**REQUIREMENT:** Copy exactly the lines of the records below, and only those lines, beginning with the line that contains "text \<open>The defining" and ending with the line that contains "hypothesis of the theorem).\<close>".

**INFORMATION:**
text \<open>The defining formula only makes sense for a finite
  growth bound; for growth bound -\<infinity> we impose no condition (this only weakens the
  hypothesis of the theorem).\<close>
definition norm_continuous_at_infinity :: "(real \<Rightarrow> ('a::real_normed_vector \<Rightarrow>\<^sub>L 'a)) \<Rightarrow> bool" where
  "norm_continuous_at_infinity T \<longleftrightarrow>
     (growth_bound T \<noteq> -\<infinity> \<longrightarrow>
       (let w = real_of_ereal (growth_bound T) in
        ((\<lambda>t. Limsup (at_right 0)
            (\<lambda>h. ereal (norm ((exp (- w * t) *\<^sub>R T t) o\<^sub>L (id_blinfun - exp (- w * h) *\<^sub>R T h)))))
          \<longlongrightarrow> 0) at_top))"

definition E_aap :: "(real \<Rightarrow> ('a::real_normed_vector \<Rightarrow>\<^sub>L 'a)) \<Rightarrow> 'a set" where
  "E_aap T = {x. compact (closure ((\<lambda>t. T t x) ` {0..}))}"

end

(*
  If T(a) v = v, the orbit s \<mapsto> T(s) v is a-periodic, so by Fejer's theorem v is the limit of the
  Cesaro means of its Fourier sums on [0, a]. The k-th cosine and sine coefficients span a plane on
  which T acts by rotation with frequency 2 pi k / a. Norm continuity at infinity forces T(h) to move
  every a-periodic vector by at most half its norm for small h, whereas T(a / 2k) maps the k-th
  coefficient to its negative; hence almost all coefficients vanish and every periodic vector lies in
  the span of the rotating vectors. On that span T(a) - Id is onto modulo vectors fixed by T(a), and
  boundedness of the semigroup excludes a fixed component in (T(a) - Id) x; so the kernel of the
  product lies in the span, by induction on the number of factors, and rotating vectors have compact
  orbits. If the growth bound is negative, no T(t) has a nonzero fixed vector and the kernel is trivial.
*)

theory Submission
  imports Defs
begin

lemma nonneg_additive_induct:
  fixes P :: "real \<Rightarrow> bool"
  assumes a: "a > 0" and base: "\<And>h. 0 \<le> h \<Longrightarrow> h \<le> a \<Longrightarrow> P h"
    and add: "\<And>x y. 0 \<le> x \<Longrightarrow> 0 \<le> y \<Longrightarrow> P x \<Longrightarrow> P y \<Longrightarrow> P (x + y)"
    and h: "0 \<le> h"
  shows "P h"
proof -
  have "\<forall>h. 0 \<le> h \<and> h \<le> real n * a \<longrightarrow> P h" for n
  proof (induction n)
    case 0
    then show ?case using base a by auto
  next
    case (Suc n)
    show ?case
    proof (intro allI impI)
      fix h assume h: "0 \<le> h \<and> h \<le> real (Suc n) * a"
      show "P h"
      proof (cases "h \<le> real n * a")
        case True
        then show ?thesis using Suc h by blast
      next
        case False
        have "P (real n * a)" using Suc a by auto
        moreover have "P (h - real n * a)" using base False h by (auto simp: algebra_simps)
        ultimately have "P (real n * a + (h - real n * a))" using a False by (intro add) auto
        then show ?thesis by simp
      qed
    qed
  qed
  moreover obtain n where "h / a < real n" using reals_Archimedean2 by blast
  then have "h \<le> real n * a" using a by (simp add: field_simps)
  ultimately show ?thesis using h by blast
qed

--

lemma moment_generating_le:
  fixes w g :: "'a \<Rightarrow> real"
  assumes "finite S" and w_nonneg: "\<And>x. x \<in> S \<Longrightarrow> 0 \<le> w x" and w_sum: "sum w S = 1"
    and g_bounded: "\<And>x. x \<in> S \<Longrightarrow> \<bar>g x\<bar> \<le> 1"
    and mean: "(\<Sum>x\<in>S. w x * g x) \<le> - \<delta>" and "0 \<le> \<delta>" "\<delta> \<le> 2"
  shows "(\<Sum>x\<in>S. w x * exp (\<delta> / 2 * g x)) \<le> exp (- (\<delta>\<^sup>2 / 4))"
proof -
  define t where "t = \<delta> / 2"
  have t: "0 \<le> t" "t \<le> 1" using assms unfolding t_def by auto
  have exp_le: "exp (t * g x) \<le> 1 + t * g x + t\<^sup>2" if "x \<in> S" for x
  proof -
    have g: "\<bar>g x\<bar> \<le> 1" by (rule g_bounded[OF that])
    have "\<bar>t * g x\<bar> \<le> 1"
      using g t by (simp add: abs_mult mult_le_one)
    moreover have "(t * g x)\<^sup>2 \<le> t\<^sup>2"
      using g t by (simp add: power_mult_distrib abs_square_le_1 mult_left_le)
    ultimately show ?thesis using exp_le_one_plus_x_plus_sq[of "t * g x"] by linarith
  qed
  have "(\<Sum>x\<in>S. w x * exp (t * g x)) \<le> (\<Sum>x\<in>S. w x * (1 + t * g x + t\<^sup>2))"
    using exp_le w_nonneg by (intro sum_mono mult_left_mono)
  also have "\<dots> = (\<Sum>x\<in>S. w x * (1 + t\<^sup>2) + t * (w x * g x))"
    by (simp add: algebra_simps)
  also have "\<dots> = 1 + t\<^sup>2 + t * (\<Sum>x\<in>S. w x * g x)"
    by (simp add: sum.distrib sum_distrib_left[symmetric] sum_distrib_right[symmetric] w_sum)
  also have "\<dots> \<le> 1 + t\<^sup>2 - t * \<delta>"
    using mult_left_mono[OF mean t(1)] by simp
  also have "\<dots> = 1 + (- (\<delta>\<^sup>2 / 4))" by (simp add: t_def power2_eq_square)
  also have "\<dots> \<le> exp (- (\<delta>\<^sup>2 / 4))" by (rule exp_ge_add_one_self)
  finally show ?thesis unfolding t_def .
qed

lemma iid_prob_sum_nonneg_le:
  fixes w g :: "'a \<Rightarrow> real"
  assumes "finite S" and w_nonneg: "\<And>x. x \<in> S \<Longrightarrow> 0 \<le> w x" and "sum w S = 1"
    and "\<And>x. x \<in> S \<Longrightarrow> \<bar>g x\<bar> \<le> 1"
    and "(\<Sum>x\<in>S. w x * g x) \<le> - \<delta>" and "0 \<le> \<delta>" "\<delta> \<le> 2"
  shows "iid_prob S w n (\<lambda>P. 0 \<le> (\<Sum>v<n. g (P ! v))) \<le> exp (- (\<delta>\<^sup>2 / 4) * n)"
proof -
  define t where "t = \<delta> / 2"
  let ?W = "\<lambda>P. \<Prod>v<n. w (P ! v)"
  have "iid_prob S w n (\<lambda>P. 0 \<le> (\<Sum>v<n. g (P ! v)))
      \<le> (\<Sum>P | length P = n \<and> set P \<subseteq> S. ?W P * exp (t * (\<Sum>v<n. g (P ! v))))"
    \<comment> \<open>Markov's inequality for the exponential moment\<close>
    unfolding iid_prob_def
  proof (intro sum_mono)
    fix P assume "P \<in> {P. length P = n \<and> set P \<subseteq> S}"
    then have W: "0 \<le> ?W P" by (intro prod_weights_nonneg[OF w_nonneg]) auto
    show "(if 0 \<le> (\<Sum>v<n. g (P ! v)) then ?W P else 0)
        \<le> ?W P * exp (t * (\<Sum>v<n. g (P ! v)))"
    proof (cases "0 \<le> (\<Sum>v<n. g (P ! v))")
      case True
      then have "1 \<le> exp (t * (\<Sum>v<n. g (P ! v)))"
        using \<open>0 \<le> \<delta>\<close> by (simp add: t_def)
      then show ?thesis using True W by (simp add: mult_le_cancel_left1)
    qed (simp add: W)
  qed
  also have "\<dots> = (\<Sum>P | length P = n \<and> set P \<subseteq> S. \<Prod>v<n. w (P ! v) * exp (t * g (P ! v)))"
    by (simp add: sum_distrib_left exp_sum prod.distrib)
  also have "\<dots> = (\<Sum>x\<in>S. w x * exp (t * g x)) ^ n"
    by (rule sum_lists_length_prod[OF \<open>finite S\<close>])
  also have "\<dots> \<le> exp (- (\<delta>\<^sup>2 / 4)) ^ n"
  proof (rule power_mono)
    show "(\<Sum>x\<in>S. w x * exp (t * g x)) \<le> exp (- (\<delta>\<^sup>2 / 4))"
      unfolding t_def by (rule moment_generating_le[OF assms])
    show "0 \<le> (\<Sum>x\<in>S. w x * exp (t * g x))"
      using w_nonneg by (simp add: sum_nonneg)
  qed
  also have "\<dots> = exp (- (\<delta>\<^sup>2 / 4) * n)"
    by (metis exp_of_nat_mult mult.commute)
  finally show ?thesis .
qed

**REPLY TO THE EXERCISE:**
text \<open>The defining formula only makes sense for a finite
  growth bound; for growth bound -\<infinity> we impose no condition (this only weakens the
  hypothesis of the theorem).\<close>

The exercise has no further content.